Natural Habitat is an interdisciplinary research project that brings together researchers in the areas of distributed systems, natural language processing and human computer interaction, with the aim of exploring the extent to which an approach centred around the use of natural language processing technology can produce tools that support non-technical users in the task of configuring their pervasive environments. We have completed the development of a running prototype system, providing services such as printers, email and alerts in the context of a virtual notice board.
-- PSET: Practical Simplification of English
Text
A number of studies have concluded that improving access by disadvantaged groups of people to written language on the World Wide Web should be a priority. One barrier to accessing written material on the Web is that most of the written material is in English, often employing an extensive vocabulary and a sophisticated style that may make the text difficult or impossible to understand for people for whom English is a foreign language in which they are not fluent, or for people who have language disabilities.
In the PSET project we aimed to help widen access to the Web by building a computer system which takes in English (newspaper) text published on the Web, and outputs a simplified version with broadly similar meaning with, for example, uncommon or unusual words replaced with more common or familiar synonyms, and difficult to follow syntactic constructs replaced with simpler ones (e.g. changing passive constructions to active).
Over the course of the project we gained a good understanding ofwhat types of simplifications could be useful for people with aphasia (a medical condition in which understanding or production of language is impaired, perhaps as a result of a major accident or a stroke), and experimented with a prototype system that could perform these types of simplifications.
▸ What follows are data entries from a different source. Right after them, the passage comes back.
lemma in_resolvent_ode_op: "in_resolvent UNIV (Xode T) (Dode T) (ode_op L) \<mu>"
proof -
  have "\<exists>\<phi>\<in>Dode T. \<forall>t. cscale \<mu> (\<phi> t) - ode_op L \<phi> t = \<psi> t" if \<psi>: "\<psi> \<in> Xode T" for \<psi>
  proof -
    obtain \<phi> where "continuous_on UNIV \<phi>" "\<And>t. \<phi> (t + T) = \<phi> t" "\<And>t. \<phi> t = Rop \<psi> t + Bop \<phi> t"
      using Neumann_series_fixed_point[OF Rop_Xode[OF \<psi>]] by blast
    from solution_of_fixed_point[OF \<psi> this] show ?thesis by blast
  qed
  then show ?thesis unfolding in_resolvent_def using resolvent_estimate by blast
qed

end

context periodic_supersolution
begin

lemma spectral_bound_ode_op_le:
  "spectral_bound UNIV (Xode T) (Dode T :: (real \<Rightarrow> complex^'m) set) (ode_op L) \<le> ereal \<sigma>"
proof -
  have per: "(\<chi> i. L i i (t + T)) = (\<chi> i. L i i t)" for t by (simp add: L_periodic)
  have cont: "continuous_on UNIV (\<lambda>t. \<chi> i. L i i t)" by (intro continuous_on_vec_lambda L_cont)
  obtain B where B: "\<And>t. norm (\<chi> i. L i i t) \<le> B"
    using periodic_bounded[where f="\<lambda>t. \<chi> i. L i i t", OF T_pos per cont] by blast
  have L_diag: "\<bar>L i i t\<bar> \<le> B" for i t
    using component_le_norm_cart[of "\<chi> i. L i i t" i] B[of t] by simp
  have resolvent: "in_resolvent UNIV (Xode T) (Dode T :: (real \<Rightarrow> complex^'m) set) (ode_op L) \<mu>"
    if "Re \<mu> > \<sigma>" for \<mu>
  proof -
    interpret supersolution_shift T L u u' \<sigma> a M \<mu> "B + \<bar>Re \<mu>\<bar> + 1"
    proof
      show "\<sigma> < Re \<mu>" by (rule that)
      show "0 \<le> L i i t + (B + \<bar>Re \<mu>\<bar> + 1)" for i t
        using L_diag[of i t] abs_ge_zero[of "Re \<mu>"] unfolding abs_le_iff by linarith
      show "0 < Re \<mu> + (B + \<bar>Re \<mu>\<bar> + 1)"
        using L_diag[of undefined 0] abs_ge_minus_self[of "Re \<mu>"] by linarith
    qed
    show ?thesis by (rule in_resolvent_ode_op)
  qed
  show ?thesis
    unfolding spectral_bound_def spectrum_op_def
  proof (rule SUP_least)
    fix \<mu> assume "\<mu> \<in> {\<mu>. \<not> in_resolvent UNIV (Xode T) (Dode T :: (real \<Rightarrow> complex^'m) set) (ode_op L) \<mu>}"
    then have "\<not> Re \<mu> > \<sigma>" using resolvent by blast
    then show "ereal (Re \<mu>) \<le> ereal \<sigma>" by simp
  qed
qed

end


section \<open>A lower bound for the nonlocal term\<close>

lemma ex_pos_uniform_finite:
  fixes P :: "'i::finite \<Rightarrow> real \<Rightarrow> bool"
  assumes ex: "\<And>i. \<exists>c>0. P i c" and mono: "\<And>i c c'. P i c \<Longrightarrow> 0 < c' \<Longrightarrow> c' \<le> c \<Longrightarrow> P i c'"
  shows "\<exists>c>0. \<forall>i. P i c"
proof -
  obtain f where f: "\<And>i. f i > 0 \<and> P i (f i)" using ex by metis
  have "Min (range f) > 0" using f by (subst Min_gr_iff) auto
  moreover have "Min (range f) \<le> f i" for i by (rule Min_le) auto
  ultimately show ?thesis using f mono by blast
qed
Unfortunately, we were not able to deploy the system within the constraints of the project, but we gained valuable experience in building the tools necessary to do this.
-- DEEP THOUGHT: Hybrid Deep and Shallow Methods for Knowledge-Intensive Information Extraction
This project was concerned with devising methods for combining robust shallow methods for language analysis with deep semantic processing. Shallow analysis can always find some sort of analysis for a piece of text, but the analysis might not contain enough detail for advanced types of language-based application.
The main idea behind the project was to preserve the advantages of shallow processing while adding more accuracy and depth in a controlled fashion at places where the application has a real demand for such increase in semantic analysis. The goal was the detection of relevant
types of information, not full text understanding. Shallow processing enriches a text with annotations (parts of speech, phrases, named entities, simple relations). Deep processing is only called at places where shallow analysis hypothesises relevant relations but cannot detect or select the correct relations. This approach has important advantages. Robustness is maintained. The necessary coverage can be provided by adding to the full-coverage shallow grammars a specialised deep grammar for the relevant domains and semantic relations. Efficiency is guaranteed by adding deep processing to the fast shallow analysis only at places where it is needed and where it has a reasonable chance of producing useful information.
Three knowledge-intensive language-based applications were implemented that were able to benefit from the increased depth in semantic analysis:
- Information extraction for business intelligence;
- Email response management for customer relationship management; and
- Creativity support for document production and collective brainstorming.